TASK TO COMPLETE:
Transcribe, word for word and without additions, each line below from the one containing "using F(1)[of i]" through the one containing "using measurable_sets[OF measurable_simple_function[OF", both ends included.

____________________

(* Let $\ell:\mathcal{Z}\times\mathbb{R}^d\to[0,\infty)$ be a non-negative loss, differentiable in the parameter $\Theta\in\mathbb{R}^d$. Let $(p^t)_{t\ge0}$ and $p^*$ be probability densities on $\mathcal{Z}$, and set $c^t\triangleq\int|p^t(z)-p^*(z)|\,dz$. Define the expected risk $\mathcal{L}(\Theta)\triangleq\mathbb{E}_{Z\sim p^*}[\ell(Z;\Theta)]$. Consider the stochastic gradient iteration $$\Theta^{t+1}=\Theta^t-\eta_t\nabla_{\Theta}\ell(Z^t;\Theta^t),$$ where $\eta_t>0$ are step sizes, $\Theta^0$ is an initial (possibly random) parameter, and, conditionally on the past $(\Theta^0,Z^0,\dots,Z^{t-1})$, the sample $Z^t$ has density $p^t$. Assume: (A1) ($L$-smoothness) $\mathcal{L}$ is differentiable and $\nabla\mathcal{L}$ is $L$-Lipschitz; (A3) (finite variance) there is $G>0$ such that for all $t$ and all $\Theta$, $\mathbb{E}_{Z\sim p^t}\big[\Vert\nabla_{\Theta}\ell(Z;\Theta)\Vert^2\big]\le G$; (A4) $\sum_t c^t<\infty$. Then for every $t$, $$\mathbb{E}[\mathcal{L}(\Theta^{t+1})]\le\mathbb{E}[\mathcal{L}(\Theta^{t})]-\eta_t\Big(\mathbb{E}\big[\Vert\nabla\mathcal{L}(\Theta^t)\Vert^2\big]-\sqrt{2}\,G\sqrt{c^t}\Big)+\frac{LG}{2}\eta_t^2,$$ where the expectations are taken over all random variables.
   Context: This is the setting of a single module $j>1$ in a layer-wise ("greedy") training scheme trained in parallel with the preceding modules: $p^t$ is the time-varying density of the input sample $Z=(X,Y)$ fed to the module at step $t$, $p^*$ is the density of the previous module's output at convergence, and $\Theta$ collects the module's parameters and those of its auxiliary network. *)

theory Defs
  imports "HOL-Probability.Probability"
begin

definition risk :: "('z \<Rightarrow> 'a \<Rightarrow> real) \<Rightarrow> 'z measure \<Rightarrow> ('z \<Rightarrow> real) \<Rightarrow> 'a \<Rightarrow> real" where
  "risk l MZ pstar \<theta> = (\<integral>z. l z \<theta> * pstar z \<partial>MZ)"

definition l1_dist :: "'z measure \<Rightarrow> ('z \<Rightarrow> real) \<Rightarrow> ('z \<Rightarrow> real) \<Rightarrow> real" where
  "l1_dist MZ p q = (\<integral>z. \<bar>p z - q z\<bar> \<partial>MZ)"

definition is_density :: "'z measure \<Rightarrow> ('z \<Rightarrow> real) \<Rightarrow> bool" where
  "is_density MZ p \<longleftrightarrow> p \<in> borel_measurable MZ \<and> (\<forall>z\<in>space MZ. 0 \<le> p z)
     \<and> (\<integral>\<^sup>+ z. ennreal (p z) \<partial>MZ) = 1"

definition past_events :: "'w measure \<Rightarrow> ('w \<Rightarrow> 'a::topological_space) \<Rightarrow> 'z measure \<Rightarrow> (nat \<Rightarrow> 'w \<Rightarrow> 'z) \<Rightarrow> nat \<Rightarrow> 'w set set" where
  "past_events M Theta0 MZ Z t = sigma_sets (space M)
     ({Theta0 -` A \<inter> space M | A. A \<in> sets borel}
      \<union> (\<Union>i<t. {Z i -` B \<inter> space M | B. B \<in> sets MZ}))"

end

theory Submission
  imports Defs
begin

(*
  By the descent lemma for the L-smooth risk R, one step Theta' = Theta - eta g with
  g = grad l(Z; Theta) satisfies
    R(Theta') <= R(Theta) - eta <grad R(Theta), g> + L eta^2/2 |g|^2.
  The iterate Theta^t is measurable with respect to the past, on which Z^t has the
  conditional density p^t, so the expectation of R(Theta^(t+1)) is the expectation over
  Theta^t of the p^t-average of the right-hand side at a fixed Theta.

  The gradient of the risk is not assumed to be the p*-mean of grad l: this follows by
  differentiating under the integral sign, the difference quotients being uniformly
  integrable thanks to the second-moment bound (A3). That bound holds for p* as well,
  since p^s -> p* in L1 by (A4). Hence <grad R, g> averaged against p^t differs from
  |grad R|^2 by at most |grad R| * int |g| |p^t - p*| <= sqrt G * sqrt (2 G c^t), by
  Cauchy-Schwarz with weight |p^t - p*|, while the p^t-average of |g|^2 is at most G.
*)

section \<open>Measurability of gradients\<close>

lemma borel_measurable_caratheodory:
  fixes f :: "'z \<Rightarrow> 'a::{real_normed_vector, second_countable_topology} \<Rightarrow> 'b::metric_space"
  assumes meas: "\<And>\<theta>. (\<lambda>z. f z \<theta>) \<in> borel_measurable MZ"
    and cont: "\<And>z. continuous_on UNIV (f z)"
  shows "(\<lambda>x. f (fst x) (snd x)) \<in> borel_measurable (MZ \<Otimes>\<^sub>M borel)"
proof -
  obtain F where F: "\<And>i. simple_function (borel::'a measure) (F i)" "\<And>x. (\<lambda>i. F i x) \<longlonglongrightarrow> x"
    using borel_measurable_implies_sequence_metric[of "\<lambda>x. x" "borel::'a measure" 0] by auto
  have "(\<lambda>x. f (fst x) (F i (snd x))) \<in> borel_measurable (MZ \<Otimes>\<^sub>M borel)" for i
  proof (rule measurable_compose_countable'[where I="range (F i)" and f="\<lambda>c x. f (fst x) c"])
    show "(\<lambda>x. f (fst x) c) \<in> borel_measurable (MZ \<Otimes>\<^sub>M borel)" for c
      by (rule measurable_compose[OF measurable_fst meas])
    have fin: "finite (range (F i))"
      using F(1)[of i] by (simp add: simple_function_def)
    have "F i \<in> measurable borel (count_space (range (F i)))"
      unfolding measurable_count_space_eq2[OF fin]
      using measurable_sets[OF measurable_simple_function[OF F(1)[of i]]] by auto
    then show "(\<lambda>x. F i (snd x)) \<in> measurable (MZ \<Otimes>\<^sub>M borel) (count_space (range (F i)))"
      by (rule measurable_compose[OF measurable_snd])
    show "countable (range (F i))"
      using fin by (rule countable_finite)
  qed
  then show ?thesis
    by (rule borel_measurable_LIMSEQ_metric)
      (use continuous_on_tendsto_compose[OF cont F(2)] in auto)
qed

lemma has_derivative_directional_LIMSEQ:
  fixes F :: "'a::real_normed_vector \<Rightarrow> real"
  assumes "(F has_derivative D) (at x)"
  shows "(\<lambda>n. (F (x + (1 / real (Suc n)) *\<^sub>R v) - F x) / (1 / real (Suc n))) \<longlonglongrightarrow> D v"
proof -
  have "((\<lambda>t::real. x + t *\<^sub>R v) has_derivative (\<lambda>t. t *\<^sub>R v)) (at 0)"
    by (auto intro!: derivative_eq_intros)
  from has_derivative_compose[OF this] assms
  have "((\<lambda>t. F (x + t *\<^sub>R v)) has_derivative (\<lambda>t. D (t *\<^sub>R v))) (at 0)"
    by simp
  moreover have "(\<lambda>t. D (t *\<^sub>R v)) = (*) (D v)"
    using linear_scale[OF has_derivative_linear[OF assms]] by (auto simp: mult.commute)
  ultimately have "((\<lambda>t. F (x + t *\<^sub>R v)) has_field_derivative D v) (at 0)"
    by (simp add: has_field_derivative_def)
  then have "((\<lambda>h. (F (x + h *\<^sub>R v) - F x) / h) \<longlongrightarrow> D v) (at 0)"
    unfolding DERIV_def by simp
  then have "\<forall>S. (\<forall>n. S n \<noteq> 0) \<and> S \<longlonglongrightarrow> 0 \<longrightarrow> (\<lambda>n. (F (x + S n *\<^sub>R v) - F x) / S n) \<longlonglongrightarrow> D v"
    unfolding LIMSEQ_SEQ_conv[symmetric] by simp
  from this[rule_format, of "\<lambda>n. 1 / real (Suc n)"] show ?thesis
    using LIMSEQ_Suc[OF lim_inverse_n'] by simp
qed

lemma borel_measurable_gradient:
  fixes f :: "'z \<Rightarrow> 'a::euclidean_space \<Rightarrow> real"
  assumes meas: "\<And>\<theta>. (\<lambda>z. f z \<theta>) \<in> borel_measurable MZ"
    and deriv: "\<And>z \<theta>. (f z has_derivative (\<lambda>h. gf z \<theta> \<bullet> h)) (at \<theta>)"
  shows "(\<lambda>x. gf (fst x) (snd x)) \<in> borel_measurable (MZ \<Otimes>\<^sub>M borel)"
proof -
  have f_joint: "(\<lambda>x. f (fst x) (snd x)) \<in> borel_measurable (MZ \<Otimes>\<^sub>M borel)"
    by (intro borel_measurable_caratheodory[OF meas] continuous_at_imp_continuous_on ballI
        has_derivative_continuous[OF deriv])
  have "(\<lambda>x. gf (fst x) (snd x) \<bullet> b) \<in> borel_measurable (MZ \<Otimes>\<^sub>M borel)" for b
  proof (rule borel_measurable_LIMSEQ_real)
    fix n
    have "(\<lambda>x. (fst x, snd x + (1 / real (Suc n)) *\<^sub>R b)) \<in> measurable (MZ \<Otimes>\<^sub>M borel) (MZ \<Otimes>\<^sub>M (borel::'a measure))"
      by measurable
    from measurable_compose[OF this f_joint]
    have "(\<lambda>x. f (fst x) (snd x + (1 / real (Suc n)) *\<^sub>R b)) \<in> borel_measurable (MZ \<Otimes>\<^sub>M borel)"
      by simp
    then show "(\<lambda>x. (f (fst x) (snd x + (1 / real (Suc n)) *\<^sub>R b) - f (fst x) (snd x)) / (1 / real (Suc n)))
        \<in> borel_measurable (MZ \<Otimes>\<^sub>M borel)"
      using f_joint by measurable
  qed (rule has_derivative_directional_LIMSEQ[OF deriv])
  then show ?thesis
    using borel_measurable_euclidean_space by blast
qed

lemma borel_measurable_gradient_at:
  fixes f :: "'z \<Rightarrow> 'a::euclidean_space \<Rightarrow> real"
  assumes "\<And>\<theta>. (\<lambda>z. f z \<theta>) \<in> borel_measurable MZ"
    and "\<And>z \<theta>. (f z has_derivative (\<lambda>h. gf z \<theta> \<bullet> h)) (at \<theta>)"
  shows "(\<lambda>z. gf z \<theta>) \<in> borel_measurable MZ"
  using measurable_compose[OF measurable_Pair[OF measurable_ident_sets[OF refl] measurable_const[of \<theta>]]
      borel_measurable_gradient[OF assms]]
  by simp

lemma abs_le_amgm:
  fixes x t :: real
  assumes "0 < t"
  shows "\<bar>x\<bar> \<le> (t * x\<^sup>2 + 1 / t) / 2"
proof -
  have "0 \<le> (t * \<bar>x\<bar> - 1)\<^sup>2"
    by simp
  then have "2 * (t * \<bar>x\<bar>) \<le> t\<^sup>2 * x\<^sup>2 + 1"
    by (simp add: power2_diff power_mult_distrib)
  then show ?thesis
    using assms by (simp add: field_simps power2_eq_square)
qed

____________________

TASK SOLUTION:
      using F(1)[of i] by (simp add: simple_function_def)
    have "F i \<in> measurable borel (count_space (range (F i)))"
      unfolding measurable_count_space_eq2[OF fin]
      using measurable_sets[OF measurable_simple_function[OF F(1)[of i]]] by auto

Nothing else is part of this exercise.